(Data to examine Opens)

lemma subspace_sum: "is_subspace S \<Longrightarrow> (\<And>i. i \<in> I \<Longrightarrow> f i \<in> S) \<Longrightarrow> sum f I \<in> S"
  unfolding is_subspace_def by (induction I rule: infinite_finite_induct) auto

lemma subspace_diff: "is_subspace S \<Longrightarrow> a \<in> S \<Longrightarrow> b \<in> S \<Longrightarrow> a - b \<in> S"
  unfolding is_subspace_def
  by (metis diff_conv_add_uminus vector_sneg_minus1)

lemma complement_projection_matrix:
  fixes W Z :: "('k::field ^ 'n) set"
  assumes "is_linear_complement W Z" and "is_subspace Z"
  obtains P :: "'k ^ 'n ^ 'n" where "\<And>v. P *v v \<in> W" and "\<And>v. v - P *v v \<in> Z"
proof -
  have "\<forall>k. \<exists>w. w \<in> W \<and> axis k 1 - w \<in> Z"
    using assms(1) unfolding is_linear_complement_def by (metis add_diff_cancel_left')
  then obtain w where w: "\<And>k. w k \<in> W" and z: "\<And>k. axis k 1 - w k \<in> Z"
    by metis
  define P :: "'k ^ 'n ^ 'n" where "P = (\<chi> i k. w k $ i)"
  have Pv: "P *v v = (\<Sum>k\<in>UNIV. v $ k *s w k)" for v
    by (simp add: matrix_mult_sum P_def column_def)
  show thesis
  proof
    show "P *v v \<in> W" for v
      unfolding Pv using assms(1) w
      by (intro subspace_sum) (auto simp: is_linear_complement_def is_subspace_def)
    have diff: "v - P *v v = (\<Sum>k\<in>UNIV. v $ k *s (axis k 1 - w k))" for v
      by (subst (1) basis_expansion[symmetric])
        (simp add: Pv sum_subtractf)
    show "v - P *v v \<in> Z" for v
      unfolding diff by (intro subspace_sum assms(2)) (meson assms(2) z is_subspace_def)
  qed
qed

lemma complement_projection_eq_0:
  assumes "is_linear_complement W Z" "is_subspace Z"
    and "\<And>v. P *v v \<in> W" "\<And>v. v - P *v v \<in> Z" and "z \<in> Z"
  shows "P *v z = 0"
proof -
  have "P *v z = z - (z - P *v z)" by simp
  then have "P *v z \<in> Z" using assms(2,4,5) subspace_diff by metis
  then show ?thesis using assms(1,3) unfolding is_linear_complement_def by blast
qed

definition ad_matrix :: "('k::field ^ 'n \<Rightarrow> 'k ^ 'n \<Rightarrow> 'k ^ 'n) \<Rightarrow> 'k ^ 'n \<Rightarrow> 'k ^ 'n ^ 'n" where
  "ad_matrix br x = (\<chi> i k. br x (axis k 1) $ i)"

(Data to examine Closes)

Problem statement: Looking through the data above, copy out each line in which the string "thesis" occurs.

Exercise solution:
  show thesis
  then show ?thesis using assms(1,3) unfolding is_linear_complement_def by blast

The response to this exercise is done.